» **What this task involves**: For the records below, give the number of lines containing the word "rule" and no other text.

Start of The data

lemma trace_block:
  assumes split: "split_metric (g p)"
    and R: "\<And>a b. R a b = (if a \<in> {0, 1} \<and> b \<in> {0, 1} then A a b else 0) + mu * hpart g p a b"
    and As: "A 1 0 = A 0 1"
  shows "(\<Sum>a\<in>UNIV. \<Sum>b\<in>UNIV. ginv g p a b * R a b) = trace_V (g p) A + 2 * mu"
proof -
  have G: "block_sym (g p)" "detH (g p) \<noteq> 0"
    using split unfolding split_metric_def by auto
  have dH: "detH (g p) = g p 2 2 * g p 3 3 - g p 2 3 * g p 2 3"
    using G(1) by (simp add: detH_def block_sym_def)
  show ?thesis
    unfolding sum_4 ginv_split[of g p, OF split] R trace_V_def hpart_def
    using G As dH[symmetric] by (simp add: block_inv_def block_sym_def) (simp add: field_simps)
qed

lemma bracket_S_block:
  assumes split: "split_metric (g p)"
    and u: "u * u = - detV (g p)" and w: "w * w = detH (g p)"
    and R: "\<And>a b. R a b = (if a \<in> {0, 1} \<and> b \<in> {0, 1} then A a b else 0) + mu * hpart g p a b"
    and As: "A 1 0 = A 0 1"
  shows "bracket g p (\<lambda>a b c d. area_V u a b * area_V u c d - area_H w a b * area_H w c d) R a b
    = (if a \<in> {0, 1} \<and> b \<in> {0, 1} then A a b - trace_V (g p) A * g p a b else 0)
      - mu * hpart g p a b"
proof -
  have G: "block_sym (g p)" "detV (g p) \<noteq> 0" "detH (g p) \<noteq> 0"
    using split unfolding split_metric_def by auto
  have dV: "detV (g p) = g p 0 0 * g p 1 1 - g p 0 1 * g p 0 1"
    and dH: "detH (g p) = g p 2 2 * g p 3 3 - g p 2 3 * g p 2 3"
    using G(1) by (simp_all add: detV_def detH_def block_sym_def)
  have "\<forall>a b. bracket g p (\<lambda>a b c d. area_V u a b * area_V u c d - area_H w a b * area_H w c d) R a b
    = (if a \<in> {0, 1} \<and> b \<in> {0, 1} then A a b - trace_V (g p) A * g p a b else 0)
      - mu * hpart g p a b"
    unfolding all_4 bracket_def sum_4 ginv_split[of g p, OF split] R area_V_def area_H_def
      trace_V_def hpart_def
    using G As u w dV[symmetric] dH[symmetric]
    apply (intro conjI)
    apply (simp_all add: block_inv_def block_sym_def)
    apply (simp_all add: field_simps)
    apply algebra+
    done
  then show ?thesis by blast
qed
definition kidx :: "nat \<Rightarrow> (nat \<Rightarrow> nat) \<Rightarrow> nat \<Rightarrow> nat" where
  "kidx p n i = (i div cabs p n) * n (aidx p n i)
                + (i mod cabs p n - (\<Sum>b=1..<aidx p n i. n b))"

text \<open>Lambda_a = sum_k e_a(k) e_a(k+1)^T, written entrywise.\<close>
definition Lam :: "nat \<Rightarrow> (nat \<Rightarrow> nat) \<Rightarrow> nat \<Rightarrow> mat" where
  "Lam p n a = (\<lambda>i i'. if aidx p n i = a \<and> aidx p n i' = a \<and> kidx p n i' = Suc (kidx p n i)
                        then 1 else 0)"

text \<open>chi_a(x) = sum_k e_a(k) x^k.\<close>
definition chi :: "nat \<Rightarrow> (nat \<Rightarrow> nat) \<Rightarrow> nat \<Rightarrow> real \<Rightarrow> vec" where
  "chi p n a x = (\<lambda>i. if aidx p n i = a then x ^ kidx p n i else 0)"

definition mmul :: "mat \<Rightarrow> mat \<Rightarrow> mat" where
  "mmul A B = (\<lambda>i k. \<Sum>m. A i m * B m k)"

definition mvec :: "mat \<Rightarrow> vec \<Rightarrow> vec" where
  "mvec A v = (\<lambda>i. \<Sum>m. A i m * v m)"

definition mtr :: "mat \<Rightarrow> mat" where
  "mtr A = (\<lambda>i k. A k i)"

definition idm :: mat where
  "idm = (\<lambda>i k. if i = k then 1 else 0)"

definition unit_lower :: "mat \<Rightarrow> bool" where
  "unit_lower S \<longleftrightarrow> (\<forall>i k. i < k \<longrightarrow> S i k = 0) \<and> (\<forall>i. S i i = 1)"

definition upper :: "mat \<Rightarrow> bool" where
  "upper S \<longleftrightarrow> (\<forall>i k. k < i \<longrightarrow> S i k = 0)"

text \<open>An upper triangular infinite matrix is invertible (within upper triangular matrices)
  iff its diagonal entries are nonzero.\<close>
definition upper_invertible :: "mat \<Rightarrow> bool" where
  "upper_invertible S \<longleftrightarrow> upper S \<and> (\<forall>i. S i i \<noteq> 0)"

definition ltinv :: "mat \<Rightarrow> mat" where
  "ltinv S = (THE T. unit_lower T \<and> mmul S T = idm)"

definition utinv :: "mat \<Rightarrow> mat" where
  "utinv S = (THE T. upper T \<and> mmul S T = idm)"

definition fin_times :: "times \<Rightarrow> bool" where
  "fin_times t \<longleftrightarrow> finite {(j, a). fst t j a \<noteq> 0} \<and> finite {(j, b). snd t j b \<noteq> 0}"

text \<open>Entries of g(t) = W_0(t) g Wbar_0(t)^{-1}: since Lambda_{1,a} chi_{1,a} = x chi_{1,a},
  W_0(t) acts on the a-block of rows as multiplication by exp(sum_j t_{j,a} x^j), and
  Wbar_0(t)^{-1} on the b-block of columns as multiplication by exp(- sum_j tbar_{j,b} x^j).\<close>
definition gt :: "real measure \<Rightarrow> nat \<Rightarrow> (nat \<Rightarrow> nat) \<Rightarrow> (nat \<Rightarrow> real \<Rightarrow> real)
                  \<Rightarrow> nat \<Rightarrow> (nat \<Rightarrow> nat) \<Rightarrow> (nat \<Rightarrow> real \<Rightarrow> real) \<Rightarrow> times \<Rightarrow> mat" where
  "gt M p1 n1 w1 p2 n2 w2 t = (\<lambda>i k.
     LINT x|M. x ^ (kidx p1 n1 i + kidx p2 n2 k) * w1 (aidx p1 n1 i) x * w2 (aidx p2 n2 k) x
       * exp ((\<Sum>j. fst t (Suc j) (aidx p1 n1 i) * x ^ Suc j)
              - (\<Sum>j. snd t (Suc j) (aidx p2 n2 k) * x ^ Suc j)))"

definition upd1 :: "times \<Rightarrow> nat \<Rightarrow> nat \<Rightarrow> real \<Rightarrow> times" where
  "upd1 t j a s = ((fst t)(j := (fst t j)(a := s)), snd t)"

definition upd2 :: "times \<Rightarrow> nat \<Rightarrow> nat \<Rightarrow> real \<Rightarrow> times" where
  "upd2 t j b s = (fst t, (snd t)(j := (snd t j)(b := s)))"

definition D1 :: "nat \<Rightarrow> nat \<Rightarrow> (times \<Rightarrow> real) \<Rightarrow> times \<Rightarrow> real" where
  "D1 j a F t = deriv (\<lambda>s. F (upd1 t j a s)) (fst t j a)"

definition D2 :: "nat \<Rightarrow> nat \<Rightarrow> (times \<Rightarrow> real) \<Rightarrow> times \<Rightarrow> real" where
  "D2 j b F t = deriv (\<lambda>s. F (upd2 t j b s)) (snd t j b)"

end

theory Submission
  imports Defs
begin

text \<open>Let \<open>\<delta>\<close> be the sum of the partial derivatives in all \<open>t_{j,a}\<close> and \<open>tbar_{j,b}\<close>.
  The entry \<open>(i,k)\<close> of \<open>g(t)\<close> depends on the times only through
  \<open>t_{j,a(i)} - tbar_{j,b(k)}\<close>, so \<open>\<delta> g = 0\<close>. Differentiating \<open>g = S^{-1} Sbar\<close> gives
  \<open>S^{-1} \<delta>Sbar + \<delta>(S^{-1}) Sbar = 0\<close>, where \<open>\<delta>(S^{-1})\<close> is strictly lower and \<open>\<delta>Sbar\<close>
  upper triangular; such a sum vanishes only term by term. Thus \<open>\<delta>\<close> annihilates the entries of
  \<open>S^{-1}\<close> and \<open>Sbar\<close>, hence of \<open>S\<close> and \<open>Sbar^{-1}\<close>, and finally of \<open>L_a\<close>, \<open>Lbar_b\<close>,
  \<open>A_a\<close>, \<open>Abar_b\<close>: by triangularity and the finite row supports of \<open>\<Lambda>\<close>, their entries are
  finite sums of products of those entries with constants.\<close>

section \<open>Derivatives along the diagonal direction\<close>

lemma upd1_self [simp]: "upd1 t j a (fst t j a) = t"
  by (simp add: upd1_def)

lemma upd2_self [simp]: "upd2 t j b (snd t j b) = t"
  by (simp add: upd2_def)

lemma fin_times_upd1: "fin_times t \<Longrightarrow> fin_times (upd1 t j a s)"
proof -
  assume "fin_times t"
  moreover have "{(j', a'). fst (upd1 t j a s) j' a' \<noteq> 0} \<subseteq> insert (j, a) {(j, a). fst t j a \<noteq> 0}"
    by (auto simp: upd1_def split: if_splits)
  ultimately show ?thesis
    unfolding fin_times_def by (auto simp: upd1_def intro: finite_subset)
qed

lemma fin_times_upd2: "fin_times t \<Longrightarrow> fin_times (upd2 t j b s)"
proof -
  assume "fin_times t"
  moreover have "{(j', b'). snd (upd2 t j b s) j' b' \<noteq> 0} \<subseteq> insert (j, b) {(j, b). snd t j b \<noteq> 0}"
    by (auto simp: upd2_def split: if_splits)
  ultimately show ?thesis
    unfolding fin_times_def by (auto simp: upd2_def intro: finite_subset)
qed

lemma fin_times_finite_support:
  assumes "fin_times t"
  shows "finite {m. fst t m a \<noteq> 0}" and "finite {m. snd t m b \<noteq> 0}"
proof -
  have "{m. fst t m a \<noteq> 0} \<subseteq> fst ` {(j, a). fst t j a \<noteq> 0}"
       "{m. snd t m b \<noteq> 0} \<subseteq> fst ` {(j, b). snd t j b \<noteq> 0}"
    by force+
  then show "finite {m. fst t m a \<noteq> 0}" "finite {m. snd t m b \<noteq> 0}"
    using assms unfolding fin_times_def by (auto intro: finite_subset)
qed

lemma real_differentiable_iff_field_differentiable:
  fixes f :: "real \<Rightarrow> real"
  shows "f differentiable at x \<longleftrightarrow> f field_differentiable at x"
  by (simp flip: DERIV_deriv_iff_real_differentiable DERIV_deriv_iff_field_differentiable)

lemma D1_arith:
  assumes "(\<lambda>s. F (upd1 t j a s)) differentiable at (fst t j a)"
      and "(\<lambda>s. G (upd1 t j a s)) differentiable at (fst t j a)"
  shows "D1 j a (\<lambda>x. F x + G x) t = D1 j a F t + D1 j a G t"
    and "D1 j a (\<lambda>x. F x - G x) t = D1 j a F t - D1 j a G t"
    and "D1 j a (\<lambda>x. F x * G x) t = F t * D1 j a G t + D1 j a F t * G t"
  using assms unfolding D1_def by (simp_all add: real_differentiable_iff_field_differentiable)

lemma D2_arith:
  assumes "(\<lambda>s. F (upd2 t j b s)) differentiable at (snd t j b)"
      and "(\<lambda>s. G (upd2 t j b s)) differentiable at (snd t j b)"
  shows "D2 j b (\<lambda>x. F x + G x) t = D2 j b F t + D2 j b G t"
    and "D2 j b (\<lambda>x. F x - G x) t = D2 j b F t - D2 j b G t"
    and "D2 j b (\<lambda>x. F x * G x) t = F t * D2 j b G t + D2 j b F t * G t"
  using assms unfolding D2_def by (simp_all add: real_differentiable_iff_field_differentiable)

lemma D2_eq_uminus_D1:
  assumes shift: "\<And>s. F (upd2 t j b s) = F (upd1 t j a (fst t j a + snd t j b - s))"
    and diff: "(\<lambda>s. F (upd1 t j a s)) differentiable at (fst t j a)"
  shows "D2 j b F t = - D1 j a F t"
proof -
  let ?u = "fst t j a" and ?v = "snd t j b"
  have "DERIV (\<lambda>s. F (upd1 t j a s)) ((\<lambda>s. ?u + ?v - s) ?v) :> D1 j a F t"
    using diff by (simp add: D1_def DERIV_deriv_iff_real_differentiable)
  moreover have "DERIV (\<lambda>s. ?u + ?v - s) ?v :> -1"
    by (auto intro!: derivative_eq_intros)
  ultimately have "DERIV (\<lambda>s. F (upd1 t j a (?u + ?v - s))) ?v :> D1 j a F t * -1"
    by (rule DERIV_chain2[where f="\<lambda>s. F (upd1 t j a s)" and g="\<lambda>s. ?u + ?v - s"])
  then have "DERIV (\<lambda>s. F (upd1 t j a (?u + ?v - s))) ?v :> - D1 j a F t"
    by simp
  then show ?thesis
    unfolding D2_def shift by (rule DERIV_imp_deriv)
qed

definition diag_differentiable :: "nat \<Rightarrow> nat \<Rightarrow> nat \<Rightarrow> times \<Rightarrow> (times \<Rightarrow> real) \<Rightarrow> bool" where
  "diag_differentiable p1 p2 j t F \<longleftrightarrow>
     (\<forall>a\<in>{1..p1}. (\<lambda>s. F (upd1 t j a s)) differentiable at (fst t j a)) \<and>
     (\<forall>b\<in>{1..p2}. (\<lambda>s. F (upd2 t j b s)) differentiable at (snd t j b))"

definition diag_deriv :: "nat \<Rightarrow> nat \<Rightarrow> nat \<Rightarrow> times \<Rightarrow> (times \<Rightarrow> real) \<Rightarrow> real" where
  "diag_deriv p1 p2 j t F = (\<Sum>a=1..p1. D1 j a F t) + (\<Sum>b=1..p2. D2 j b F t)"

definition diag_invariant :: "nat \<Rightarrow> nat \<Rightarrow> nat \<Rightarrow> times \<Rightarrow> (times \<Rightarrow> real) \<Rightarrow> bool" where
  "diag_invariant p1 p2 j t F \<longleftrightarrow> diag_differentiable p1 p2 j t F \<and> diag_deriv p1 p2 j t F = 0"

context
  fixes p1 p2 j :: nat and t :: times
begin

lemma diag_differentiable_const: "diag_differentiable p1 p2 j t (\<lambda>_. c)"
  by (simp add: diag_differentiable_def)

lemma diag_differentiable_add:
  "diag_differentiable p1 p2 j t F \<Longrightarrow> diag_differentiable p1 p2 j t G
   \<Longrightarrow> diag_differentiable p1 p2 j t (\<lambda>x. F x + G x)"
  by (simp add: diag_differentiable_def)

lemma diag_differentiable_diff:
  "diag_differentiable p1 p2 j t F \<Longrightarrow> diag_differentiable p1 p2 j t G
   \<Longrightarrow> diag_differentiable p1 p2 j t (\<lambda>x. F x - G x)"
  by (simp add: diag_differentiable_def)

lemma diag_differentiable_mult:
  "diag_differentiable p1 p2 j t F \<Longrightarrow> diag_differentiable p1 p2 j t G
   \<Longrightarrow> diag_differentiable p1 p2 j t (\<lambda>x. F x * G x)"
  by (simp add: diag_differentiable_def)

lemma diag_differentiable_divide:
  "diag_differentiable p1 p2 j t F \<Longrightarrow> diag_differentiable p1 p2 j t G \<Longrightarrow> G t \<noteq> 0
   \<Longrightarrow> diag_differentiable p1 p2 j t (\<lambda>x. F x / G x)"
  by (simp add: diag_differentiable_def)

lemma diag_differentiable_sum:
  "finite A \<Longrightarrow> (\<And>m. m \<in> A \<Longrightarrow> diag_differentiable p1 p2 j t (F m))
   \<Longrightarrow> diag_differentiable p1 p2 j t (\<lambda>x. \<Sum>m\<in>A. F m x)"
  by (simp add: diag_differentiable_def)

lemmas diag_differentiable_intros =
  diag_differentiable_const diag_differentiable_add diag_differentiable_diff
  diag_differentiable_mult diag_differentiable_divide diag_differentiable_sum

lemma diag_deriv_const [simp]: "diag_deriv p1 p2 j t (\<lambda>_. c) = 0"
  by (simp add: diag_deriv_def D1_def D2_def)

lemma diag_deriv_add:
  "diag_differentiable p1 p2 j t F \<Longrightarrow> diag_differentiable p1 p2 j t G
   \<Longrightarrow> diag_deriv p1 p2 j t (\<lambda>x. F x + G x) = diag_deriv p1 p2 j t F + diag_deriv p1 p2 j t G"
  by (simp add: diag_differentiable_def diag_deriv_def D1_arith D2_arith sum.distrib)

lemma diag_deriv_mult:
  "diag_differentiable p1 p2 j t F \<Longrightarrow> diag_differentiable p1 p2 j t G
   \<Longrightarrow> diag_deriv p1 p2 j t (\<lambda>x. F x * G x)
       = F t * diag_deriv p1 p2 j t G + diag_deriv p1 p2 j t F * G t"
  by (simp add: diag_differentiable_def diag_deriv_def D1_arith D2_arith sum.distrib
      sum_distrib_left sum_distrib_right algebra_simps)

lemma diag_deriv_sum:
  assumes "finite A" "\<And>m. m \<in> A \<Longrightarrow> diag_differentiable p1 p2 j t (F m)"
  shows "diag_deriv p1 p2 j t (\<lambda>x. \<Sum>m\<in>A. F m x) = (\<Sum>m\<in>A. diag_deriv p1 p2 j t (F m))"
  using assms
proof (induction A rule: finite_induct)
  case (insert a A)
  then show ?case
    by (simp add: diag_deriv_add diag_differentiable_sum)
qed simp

End of The data

» **Exercise result**: 3